天は幾つも彼女に与えたおかげでドン臭さも備わっている。
この忙しい時に、お茶を蒸らし過ぎて慌てて急須の絶対熱い所を持って火傷を負い、それを落した弾みで先輩のこだわりのティーカップを割ってしまい、給湯室はまるで地獄絵図のようになっている。

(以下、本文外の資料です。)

(* Let $n\ge3$, $a>0$, $\sigma>1/2$. Let $V_0(x)=V_0(|x|)$ be a radially symmetric, radially decreasing, real-valued $C^1$ function on $\mathbb{R}^n$, and let $c=(c_1,\vec 0)\in\mathbb{R}^n$ with $\vec0\in\mathbb{R}^{n-1}$. Writing $x=(x_1,\vec y)\in\mathbb{R}\times\mathbb{R}^{n-1}$, we have, pointwise for $x\ne0$, $$ i[V_0(x),\gamma_{-c}+\gamma_c]\ \ge\ -2V_0'(|x|)\,\min\{f(|x+c|),f(|x-c|)\}\,\frac{2|\vec y|^2}{|x|}\,\frac{1}{|x|+|c|}\ \ge\ 0. $$
   Context: Notation: $g(r)=(1+ar^2)^{-\sigma/2}$; $f(r)=\int_0^r g^2(s)\,ds$; $F(x)=\int_0^{|x|}f(t)\,dt$; for $c\in\mathbb{R}^n$, $F_c(x)=F(x-c)$ and $\gamma_c=i[-\Delta,F_c]=-i(\nabla\cdot\nabla F_c+\nabla F_c\cdot\nabla)$. For a potential $V$, the commutator $i[V,\gamma_c]$ is the multiplication operator by the function $-2\nabla F_c\cdot\nabla V$. $V_0'$ denotes the radial derivative. *)

theory Defs
  imports "HOL-Analysis.Analysis"
begin

definition gfun :: "real \<Rightarrow> real \<Rightarrow> real \<Rightarrow> real" where
  "gfun a \<sigma> r = (1 + a * r\<^sup>2) powr (- \<sigma> / 2)"

definition ffun :: "real \<Rightarrow> real \<Rightarrow> real \<Rightarrow> real" where
  "ffun a \<sigma> r = integral {0..r} (\<lambda>s. (gfun a \<sigma> s)\<^sup>2)"

definition Ffun :: "real \<Rightarrow> real \<Rightarrow> 'a::real_normed_vector \<Rightarrow> real" where
  "Ffun a \<sigma> x = integral {0..norm x} (ffun a \<sigma>)"

definition Fc :: "real \<Rightarrow> real \<Rightarrow> 'a::real_normed_vector \<Rightarrow> 'a \<Rightarrow> real" where
  "Fc a \<sigma> c x = Ffun a \<sigma> (x - c)"

definition grad :: "('a::euclidean_space \<Rightarrow> real) \<Rightarrow> 'a \<Rightarrow> 'a" where
  "grad h x = (\<Sum>i\<in>Basis. frechet_derivative h (at x) i *\<^sub>R i)"

text \<open>The function by which the commutator i[V, gamma_c] acts: -2 grad F_c . grad V.\<close>
definition comm_fun :: "real \<Rightarrow> real \<Rightarrow> ('a::euclidean_space \<Rightarrow> real) \<Rightarrow> 'a \<Rightarrow> 'a \<Rightarrow> real" where
  "comm_fun a \<sigma> V c x = - 2 * (grad (Fc a \<sigma> c) x \<bullet> grad V x)"

end

theory Submission
  imports Defs
begin

text \<open>
  All functions involved are radial about some centre, so their gradients are radial:
  \<open>\<nabla>V(x) = V\<^sub>0'(|x|) x/|x|\<close> and \<open>\<nabla>F\<^sub>c(x) = f(|x-c|) (x-c)/|x-c|\<close>. Hence the commutator sum equals
  \<open>-2V\<^sub>0'(|x|)/|x|\<close> times \<open>f(|x+c|) (x+c)\<cdot>x/|x+c| + f(|x-c|) (x-c)\<cdot>x/|x-c|\<close>, and the prefactor
  is nonnegative because \<open>V\<^sub>0\<close> is decreasing. Writing \<open>x = (x\<^sub>1, y)\<close>, each inner product \<open>(x\<plusminus>c)\<cdot>x\<close> is \<open>x\<^sub>1(x\<^sub>1\<plusminus>c\<^sub>1) + |y|\<^sup>2\<close>.
  The \<open>|y|\<^sup>2\<close> parts give the lower bound, since \<open>|x\<plusminus>c| \<le> |x| + |c|\<close> and each \<open>f\<close>-value is at least
  the minimum. The \<open>x\<^sub>1\<close> parts have a nonnegative sum: \<open>f\<close> is increasing, so the larger of the two
  distances carries the larger weight, and \<open>t \<mapsto> t/\<surd>(t\<^sup>2+|y|\<^sup>2)\<close> is increasing.
\<close>

lemma gfun_sq:
  assumes "a \<ge> 0"
  shows "(gfun a \<sigma> s)\<^sup>2 = (1 + a * s\<^sup>2) powr (- \<sigma>)"
proof -
  have "0 < 1 + a * s\<^sup>2" using assms by (simp add: add_pos_nonneg)
  then show ?thesis
    unfolding gfun_def by (simp add: powr_powr[symmetric] power2_eq_square powr_add[symmetric])
qed

lemma gfun_sq_le_1:
  assumes "a \<ge> 0" "\<sigma> \<ge> 0"
  shows "(gfun a \<sigma> s)\<^sup>2 \<le> 1"
proof -
  have "1 \<le> (1 + a * s\<^sup>2) powr \<sigma>" using assms by (simp add: ge_one_powr_ge_zero)
  then show ?thesis by (simp add: gfun_sq assms powr_minus_divide divide_le_eq_1)
qed

lemma continuous_on_gfun_sq:
  assumes "a \<ge> 0"
  shows "continuous_on S (\<lambda>s. (gfun a \<sigma> s)\<^sup>2)"
proof -
  have "0 < 1 + a * s\<^sup>2" for s using assms by (simp add: add_pos_nonneg)
  then show ?thesis unfolding gfun_sq[OF assms] by (intro continuous_intros) (metis less_irrefl)
qed

lemma integrable_gfun_sq: "a \<ge> 0 \<Longrightarrow> (\<lambda>s. (gfun a \<sigma> s)\<^sup>2) integrable_on {u..v}"
  by (intro integrable_continuous_interval continuous_on_gfun_sq)

lemma ffun_0: "ffun a \<sigma> 0 = 0"
  unfolding ffun_def by simp

lemma ffun_nonneg: "a \<ge> 0 \<Longrightarrow> 0 \<le> ffun a \<sigma> r"
  unfolding ffun_def by (intro integral_nonneg integrable_gfun_sq) auto

lemma ffun_le:
  assumes "a \<ge> 0" "\<sigma> \<ge> 0" "0 \<le> r"
  shows "ffun a \<sigma> r \<le> r"
proof -
  have "ffun a \<sigma> r \<le> integral {0..r} (\<lambda>s. 1)"
    unfolding ffun_def by (intro integral_le integrable_gfun_sq gfun_sq_le_1) (use assms in auto)
  then show ?thesis using assms by simp
qed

「あぁー・・・・・これは・・・ウエッジウッドの限定品・・・」
「あれ?今井さんこんな所で何してるんですか?」
交通課の後輩が美里に気付いた。
「見ての通りよ・・・」
彼女はクスッと笑った。「良いんですか?坂本さん探してましたよ?」
「坂本さんが?」
「はい。事件発生ですよ。」
「うそ?!坂本さんどこ?」
更に青ざめる美里を憐れむような顔で「もう行っちゃいました。」と言ったが、美里はそれを聞くか聞かないかのタイミングで給湯室を出た。
刑事課は既に誰もいない。
鞄を手にすると駐車場へダッシュした。
死に物狂いで走り、300m先から坂本が黒い常用に乗ろうとしている姿を見つけた。
美里は最後の生気を振り絞り、発進しようとしている車の前に飛び出た。
坂本は慌てて強くブレーキを踏み、かなり前のめりになった。首がムチウチ症になりそうだった。
「バカっ!!何やってんだ!!!」
「す、すみません・・・遅くなりました・・・」
雨に打たれた美里の長い前髪が顔に張り付いて、坂本の目には妖怪か幽霊にしか見えない。
「気持ちわりぃんだよ!!早く乗れっ!」
美里は小さく頭を下げると、すごすごと助手席に乗った。
本来運転をするのは美里の役割だった。